The study highlights the importance of public-private partnerships (PPPs) in scaling renewable energy, especially in developing regions, and recommends government support through clear guidelines and risk-sharing mechanisms. It advocates for a dynamic carbon tax system that adjusts rates based on real-time data and suggests educational campaigns to enhance understanding and support for renewable energy and carbon taxes. These measures aim to turn research findings into effective policies for carbon reduction and sustainable development.

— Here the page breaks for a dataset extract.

(* Let $\mathcal H=(M,n,\mathcal R)$ be a BMS, $S\subseteq\mathbb R^n$ a bounded convex polytope, and $x_0$ a point in the interior of $S$. The scheduler has a static winning strategy from $x_0$ if and only if there is a set $M'\subseteq M$ such that $\mathcal R(m)$ is a singleton $\{R(m)\}$ for every $m\in M'$ and the CMS $(M',n,R)$ is safe.
   Context: A multi-mode system is a tuple $\mathcal H=(M,n,\mathcal R)$ with $M$ a finite nonempty set of modes, $n\ge1$ variables, and $\mathcal R:M\to 2^{\mathbb R^n}$ giving nonempty rate sets; it is a BMS if each $\mathcal R(m)$ is a bounded convex polytope, a CMS if each is a singleton. A CMS $(M',n,R)$ is safe if there are $t_m\ge0$ ($m\in M'$) with $\sum_{m\in M'}t_m=1$ and $\sum_{m\in M'}t_mR(m)=\vec0$ (in particular $M'\neq\emptyset$). The schedulability game from $x_0$: in round $i\ge1$ the scheduler chooses $(m_i,t_i)\in M\times\mathbb R_{>0}$, the environment chooses $r_i\in\mathcal R(m_i)$, and $x_i=x_{i-1}+t_ir_i$. Scheduler strategies map finite histories $\langle x_0,(m_1,t_1),r_1,x_1,\dots,x_k\rangle$ to timed moves; environment strategies map a history and current timed move $(m,t)$ to a rate in $\mathcal R(m)$. A scheduler strategy $\sigma$ is static if $\sigma(\rho)=\sigma(\rho')$ for any two histories $\rho,\rho'$ of the same length with the same starting state and the same sequence of timed moves (i.e. it ignores the environment's choices), so it amounts to a fixed sequence $(m_1,t_1),(m_2,t_2),\dots$. A scheduler strategy is winning from $x_0$ if against every environment strategy the run satisfies $x_i\in S$ and $x_i+tr_{i+1}\in S$ for all $i\ge0$, $t\in[0,t_{i+1}]$, and $\sum_it_i=\infty$. *)

theory Defs
  imports "HOL-Analysis.Analysis"
begin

7. Limitations of the study
This study has a few limitations. Access to data is the major issue due to the inconsistencies in reporting greenhouse gas emissions, carbon tax rates and economic indicators. Variations in regional and sectoral impacts of carbon taxes within a country have been overlooked. External factors like technological advancements, which can affect the result, have not been included in this study due to the unavailability of such data.
8. Future Research Directions
Future research can focus on analyzing industry-specific responses to the carbon tax implementation. Comparative studies of different regional taxation models can identify success factors in a country. Exploration of the role of technological innovation, if data is available in the future, can help the policymaker in the better implementation of such policies. Integrating insights from other environmental policies will help in creating a cohesive policy framework. These approaches will enhance current research and improve climate change mitigation strategies.